What Is the Oldest Human Skeleton Ever Found?
Being behind such basic bodily functions, skeletons have helped humans from the start, supporting our ancestors as they fashioned their first tools, holding them as they tried their hand at agriculture, and carrying them as they created civilizations that crisscrossed the world. Our bones have been with us for all that time. And when the first Homo sapiens arose around 300,000 years ago, their skeletons were surprisingly similar to those of today.

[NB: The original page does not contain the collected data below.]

lemma nn_integral_indicator_Y_eq:
  assumes A: "A \<in> sets (past t)"
  shows "(\<integral>\<^sup>+x. ennreal (indicator A x * indicator {y \<in> space M. Y t y = k} x) \<partial>M)
       = (\<integral>\<^sup>+x. ennreal (indicator A x * pois_prob (lam t x) k) \<partial>M)"
proof -
  interpret sigma_finite_subalgebra M "past t"
    by (rule sigma_finite_subalgebra_past)
  have [measurable]: "A \<in> sets M" "indicator A \<in> borel_measurable (past t)"
    using A sets_pastD by auto
  have int: "integrable M (\<lambda>x. indicator A x * indicator {y \<in> space M. Y t y = k} x :: real)"
    by (intro integrable_real_mult_indicator integrable_real_indicator) (auto simp: less_top[symmetric])
  have AE: "AE x in M. indicator A x * real_cond_exp M (past t) (indicator {y \<in> space M. Y t y = k}) x
      = indicator A x * pois_prob (lam t x) k"
    using cond_distr_Poisson[of t k] by eventually_elim simp
  have "integrable M (\<lambda>x. indicator A x * pois_prob (lam t x) k)"
    using real_cond_exp_intg(1)[OF int] integrable_cong_AE[OF _ _ AE] unfolding pois_prob_def by simp
  moreover have "(\<integral>x. indicator A x * indicator {y \<in> space M. Y t y = k} x \<partial>M)
      = (\<integral>x. indicator A x * pois_prob (lam t x) k \<partial>M)"
    using real_cond_exp_intg(2)[OF int] integral_cong_AE[OF _ _ AE] unfolding pois_prob_def by simp
  ultimately show ?thesis
    using int lam_nonneg_AE[of t]
    by (subst (1 2) nn_integral_eq_integral)
       (auto elim!: eventually_mono intro!: mult_nonneg_nonneg pois_prob_nonneg)
qed

lemma nn_integral_cond_Poisson:
  assumes A: "A \<in> sets (past t)" and g: "\<And>k. 0 \<le> g k"
    and h: "\<And>r. 0 \<le> r \<Longrightarrow> (\<lambda>k. g k * pois_prob r k) sums h r"
  shows "(\<integral>\<^sup>+x. ennreal (indicator A x * g (Y t x)) \<partial>M)
       = (\<integral>\<^sup>+x. ennreal (indicator A x * h (lam t x)) \<partial>M)"
proof -
  have [measurable]: "A \<in> sets M"
    using A by (rule sets_pastD)
  have "(\<integral>\<^sup>+x. ennreal (indicator A x * g (Y t x)) \<partial>M)
      = (\<integral>\<^sup>+x. (\<Sum>k. g k * ennreal (indicator A x * indicator {y \<in> space M. Y t y = k} x)) \<partial>M)"
  proof (rule nn_integral_cong)
    fix x assume "x \<in> space M"
    then have "(\<lambda>k. g k * ennreal (indicator A x * indicator {y \<in> space M. Y t y = k} x))
        = (\<lambda>k. if k = Y t x then ennreal (indicator A x * g (Y t x)) else 0)"
      using g by (auto simp: indicator_def ennreal_mult)
    then show "ennreal (indicator A x * g (Y t x))
        = (\<Sum>k. g k * ennreal (indicator A x * indicator {y \<in> space M. Y t y = k} x))"
      using sums_unique[OF sums_single] by simp
  qed
  also have "\<dots> = (\<Sum>k. g k * (\<integral>\<^sup>+x. ennreal (indicator A x * indicator {y \<in> space M. Y t y = k} x) \<partial>M))"
    by (simp add: nn_integral_suminf nn_integral_cmult)
  also have "\<dots> = (\<Sum>k. g k * (\<integral>\<^sup>+x. ennreal (indicator A x * pois_prob (lam t x) k) \<partial>M))"
    using nn_integral_indicator_Y_eq[OF A] by simp
  also have "\<dots> = (\<integral>\<^sup>+x. (\<Sum>k. g k * ennreal (indicator A x * pois_prob (lam t x) k)) \<partial>M)"
    unfolding pois_prob_def by (simp add: nn_integral_suminf nn_integral_cmult)
  also have "\<dots> = (\<integral>\<^sup>+x. ennreal (indicator A x * h (lam t x)) \<partial>M)"
  proof (rule nn_integral_cong_AE)
    show "AE x in M. (\<Sum>k. g k * ennreal (indicator A x * pois_prob (lam t x) k))
        = ennreal (indicator A x * h (lam t x))"
      using lam_nonneg_AE[of t]
    proof eventually_elim
      case (elim x)
      have "(\<lambda>k. g k * (indicator A x * pois_prob (lam t x) k)) sums (indicator A x * h (lam t x))"
        using sums_mult[OF h[OF elim], of "indicator A x"] by (simp add: ac_simps)
      moreover have "ennreal (g k) * ennreal (indicator A x * pois_prob (lam t x) k)
          = ennreal (g k * (indicator A x * pois_prob (lam t x) k))" for k
        using g elim by (simp add: ennreal_mult pois_prob_nonneg)
      ultimately show ?case
        using g elim by (auto intro!: suminf_ennreal_eq mult_nonneg_nonneg pois_prob_nonneg)
    qed
  qed
  finally show ?thesis .
qed

lemma nn_integral_indicator_Y:
  "A \<in> sets (past t) \<Longrightarrow>
    (\<integral>\<^sup>+x. ennreal (indicator A x * real (Y t x)) \<partial>M) = (\<integral>\<^sup>+x. ennreal (indicator A x * lam t x) \<partial>M)"
  using nn_integral_cond_Poisson[of A t real "\<lambda>r. r"] pois_prob_mean_sums by simp

lemma nn_integral_Y_sq:
  "(\<integral>\<^sup>+x. ennreal ((real (Y t x))^2) \<partial>M) = (\<integral>\<^sup>+x. ennreal ((lam t x)^2 + lam t x) \<partial>M)"
proof -
  have "space M \<in> sets (past t)"
    using sets.top[of "past t"] by (simp add: past_sigma_def space_gen_sigma)
  from nn_integral_cond_Poisson[OF this, of "\<lambda>k. (real k)^2" "\<lambda>r. r^2 + r"]
  show ?thesis
    using pois_prob_second_moment_sums by (simp cong: nn_integral_cong)
qed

A 300,000-Year-Old Skeleton in Morocco
In 2017, a team of archaeologists uncovered the fossilized bones of five 300,000-year-old Homo sapiens at the Jebel Irhoud archaeological site in Morocco. Representing the oldest skeletal remains of our species, the front of the skull and the teeth of the specimens are remarkably modern in their shape and structure, though the skull cases are slightly stretched in comparison to the rounder skulls of more modern humans.
But the full reach of the skeletal differences between the first Homo sapiens and more modern Homo sapiens cannot be seen in the Jebel Irhoud remains. That's because the team found only fragments of skulls, arms, and hips at the Moroccan site rather than full bodies of bones.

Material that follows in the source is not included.